◆ Activity ◆
Each line that contains the word "carrier" is to be copied from the records below.

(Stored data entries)

definition comm_expr :: "('g, 'b) monoid_scheme \<Rightarrow> 'g expr \<Rightarrow> 'g expr \<Rightarrow> 'g expr" where
  "comm_expr G u v = u @ v @ inv_expr G u @ inv_expr G v"

lemma expr_over_Nil [simp]: "expr_over G []"
  by (simp add: expr_over_def)

lemma expr_over_Cons [simp]:
  "expr_over G (a # w) \<longleftrightarrow> (\<forall>g. a = Const g \<longrightarrow> g \<in> carrier G) \<and> expr_over G w"
  by (auto simp: expr_over_def)

lemma expr_over_append [simp]: "expr_over G (u @ v) \<longleftrightarrow> expr_over G u \<and> expr_over G v"
  by (auto simp: expr_over_def)

lemma assignment_upd [simp]: "assignment G \<sigma> \<Longrightarrow> g \<in> carrier G \<Longrightarrow> assignment G (\<sigma>(i := g))"
  by (simp add: assignment_def)

lemma assignment_comp [simp]: "assignment G \<sigma> \<Longrightarrow> assignment G (\<sigma> \<circ> r)"
  by (simp add: assignment_def)

context group
begin

lemma all_assignment_comp_Suc:
  "(\<forall>\<sigma>. assignment G \<sigma> \<longrightarrow> P (\<sigma> \<circ> Suc)) \<longleftrightarrow> (\<forall>\<sigma>. assignment G \<sigma> \<longrightarrow> P \<sigma>)"
proof (intro iffI allI impI)
  fix \<sigma> assume "\<forall>\<sigma>. assignment G \<sigma> \<longrightarrow> P (\<sigma> \<circ> Suc)" and \<sigma>: "assignment G \<sigma>"
  moreover have "assignment G (case_nat \<one> \<sigma>)" and "case_nat \<one> \<sigma> \<circ> Suc = \<sigma>"
    using \<sigma> by (auto simp: assignment_def split: nat.split)
  ultimately show "P \<sigma>"
    by metis
qed simp

lemma expr_over_inv_expr [simp]: "expr_over G w \<Longrightarrow> expr_over G (inv_expr G w)"
proof (induction w)
  case (Cons a w)
  then show ?case by (cases a) auto
qed simp

lemma expr_over_subst [simp]:
  "expr_over G w \<Longrightarrow> (\<And>i. expr_over G (f i)) \<Longrightarrow> expr_over G (subst G f w)"
proof (induction w)
  case (Cons a w)
  then show ?case by (cases a) auto
qed simp

lemma expr_over_rename [simp]: "expr_over G w \<Longrightarrow> expr_over G (rename G r w)"
  by (simp add: rename_def)

lemma expr_over_comm_expr [simp]:
  "expr_over G u \<Longrightarrow> expr_over G v \<Longrightarrow> expr_over G (comm_expr G u v)"
  by (simp add: comm_expr_def)

lemma atom_val_closed:
  "assignment G \<sigma> \<Longrightarrow> expr_over G [a] \<Longrightarrow> atom_val G \<sigma> a \<in> carrier G"
  by (cases a) (auto simp: assignment_def)

lemma expr_eval_closed [simp]:
  "assignment G \<sigma> \<Longrightarrow> expr_over G w \<Longrightarrow> expr_eval G \<sigma> w \<in> carrier G"
  by (induction w) (auto intro!: atom_val_closed)

lemma expr_eval_append:
  assumes "assignment G \<sigma>" "expr_over G u" "expr_over G v"
  shows "expr_eval G \<sigma> (u @ v) = expr_eval G \<sigma> u \<otimes> expr_eval G \<sigma> v"
  using assms(2)
proof (induction u)
  case (Cons a u)
  then show ?case
    using assms atom_val_closed[OF assms(1), of a] by (simp add: m_assoc)
qed (simp add: assms)

lemma expr_eval_inv_expr:
  assumes \<sigma>: "assignment G \<sigma>" and "expr_over G w"
  shows "expr_eval G \<sigma> (inv_expr G w) = inv (expr_eval G \<sigma> w)"
  using assms(2)
proof (induction w)
  case (Cons a w)
  have a: "expr_over G [a]" and w: "expr_over G w" and a': "expr_over G [inv_atom G a]"
    using Cons.prems by (cases a; simp)+
  have "atom_val G \<sigma> (inv_atom G a) = inv (atom_val G \<sigma> a)"
    using Cons.prems \<sigma> by (cases a) (auto simp: assignment_def)
  then have "expr_eval G \<sigma> (inv_expr G (a # w)) = inv (expr_eval G \<sigma> w) \<otimes> inv (atom_val G \<sigma> a)"
    using Cons.IH[OF w] \<sigma> a' w atom_val_closed[OF \<sigma> a] by (simp add: expr_eval_append)
  then show ?case
    using \<sigma> w atom_val_closed[OF \<sigma> a] by (simp add: inv_mult_group)
qed simp

lemma expr_eval_subst:
  assumes \<sigma>: "assignment G \<sigma>" and "expr_over G w" and f: "\<And>i. expr_over G (f i)"
  shows "expr_eval G \<sigma> (subst G f w) = expr_eval G (\<lambda>i. expr_eval G \<sigma> (f i)) w"
  using assms(2)
proof (induction w)
  case (Cons a w)
  have "expr_over G (subst_atom G f a)"
    using Cons.prems f by (cases a) auto
  moreover have "expr_eval G \<sigma> (subst_atom G f a) = atom_val G (\<lambda>i. expr_eval G \<sigma> (f i)) a"
    using Cons.prems \<sigma> f by (cases a) (auto simp: expr_eval_inv_expr)
  ultimately show ?case
    using Cons \<sigma> f by (simp add: expr_eval_append)
qed simp

lemma expr_eval_rename:
  "assignment G \<sigma> \<Longrightarrow> expr_over G w \<Longrightarrow> expr_eval G \<sigma> (rename G r w) = expr_eval G (\<sigma> \<circ> r) w"
  by (simp add: rename_def expr_eval_subst comp_def assignment_def)

lemma expr_eval_comm_expr:
  assumes "assignment G \<sigma>" "expr_over G u" "expr_over G v"
  shows "expr_eval G \<sigma> (comm_expr G u v) = commutator G (expr_eval G \<sigma> u) (expr_eval G \<sigma> v)"
  using assms by (simp add: comm_expr_def expr_eval_append expr_eval_inv_expr commutator_def m_assoc)
theorem claim1:
  fixes n :: nat and B :: "nat set set" and P :: "nat list" and \<alpha> \<beta> :: "nat set"
  assumes blocker: "is_blocker n B (simple_trees_diam n 3)"
    and not_star: "\<not> is_star n B"
    and cat: "caterpillar B"
    and spine: "is_spine B P"
    and a_edge: "{P ! 0, P ! 1} \<in> hull_edges n"
    and b_edge: "{P ! (length P - 2), P ! (length P - 1)} \<in> hull_edges n"
    and a'b': "P ! 1 \<noteq> P ! (length P - 2)"
    and arcs: "(\<alpha> = cyc_arc n (P ! 0) (P ! (length P - 1)) \<and> \<beta> = cyc_arc n (P ! (length P - 1)) (P ! 0))
             \<or> (\<alpha> = cyc_arc n (P ! (length P - 1)) (P ! 0) \<and> \<beta> = cyc_arc n (P ! 0) (P ! (length P - 1)))"
    and alpha: "P ! 1 \<in> \<alpha>" "P ! (length P - 2) \<in> \<alpha>"
  shows "leaves B \<subseteq> \<beta>"
proof
  fix v assume leaf: "v \<in> leaves B"
  have blocks: "blocks n B (simple_trees_diam n 3)" using blocker by (simp add: is_blocker_def)
  have edges: "\<forall>e\<in>B. card e = 2" and acyclic: "\<not> has_cycle B"
    using cat by (auto simp: caterpillar_def is_tree_def)
  note far_arc = spine_leaf_in_far_arc[OF blocks edges acyclic _ _ _ _ _ leaf]
  obtain u where "{v, u} \<in> B" using leaf_unique_edge[OF leaf edges] by blast
  then have "2 \<le> length P" using spine_length_ge_2[OF spine] edges by auto
  then have "rev P ! 0 = P ! (length P - 1)" "rev P ! 1 = P ! (length P - 2)"
    "rev P ! (length P - 2) = P ! 1" "rev P ! (length P - 1) = P ! 0"
    by (subst rev_nth; auto simp: numeral_2_eq_2)+
  \<comment> \<open>the second choice of arcs is the first one for the reversed spine\<close>
  with arcs show "v \<in> \<beta>"
    using far_arc[OF spine a_edge b_edge] far_arc[OF spine_rev[OF spine]] a_edge b_edge alpha
    by (auto simp: insert_commute)
qed

end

◆ Solved exercise ◆
  "expr_over G (a # w) \<longleftrightarrow> (\<forall>g. a = Const g \<longrightarrow> g \<in> carrier G) \<and> expr_over G w"
lemma assignment_upd [simp]: "assignment G \<sigma> \<Longrightarrow> g \<in> carrier G \<Longrightarrow> assignment G (\<sigma>(i := g))"
  "assignment G \<sigma> \<Longrightarrow> expr_over G [a] \<Longrightarrow> atom_val G \<sigma> a \<in> carrier G"
  "assignment G \<sigma> \<Longrightarrow> expr_over G w \<Longrightarrow> expr_eval G \<sigma> w \<in> carrier G"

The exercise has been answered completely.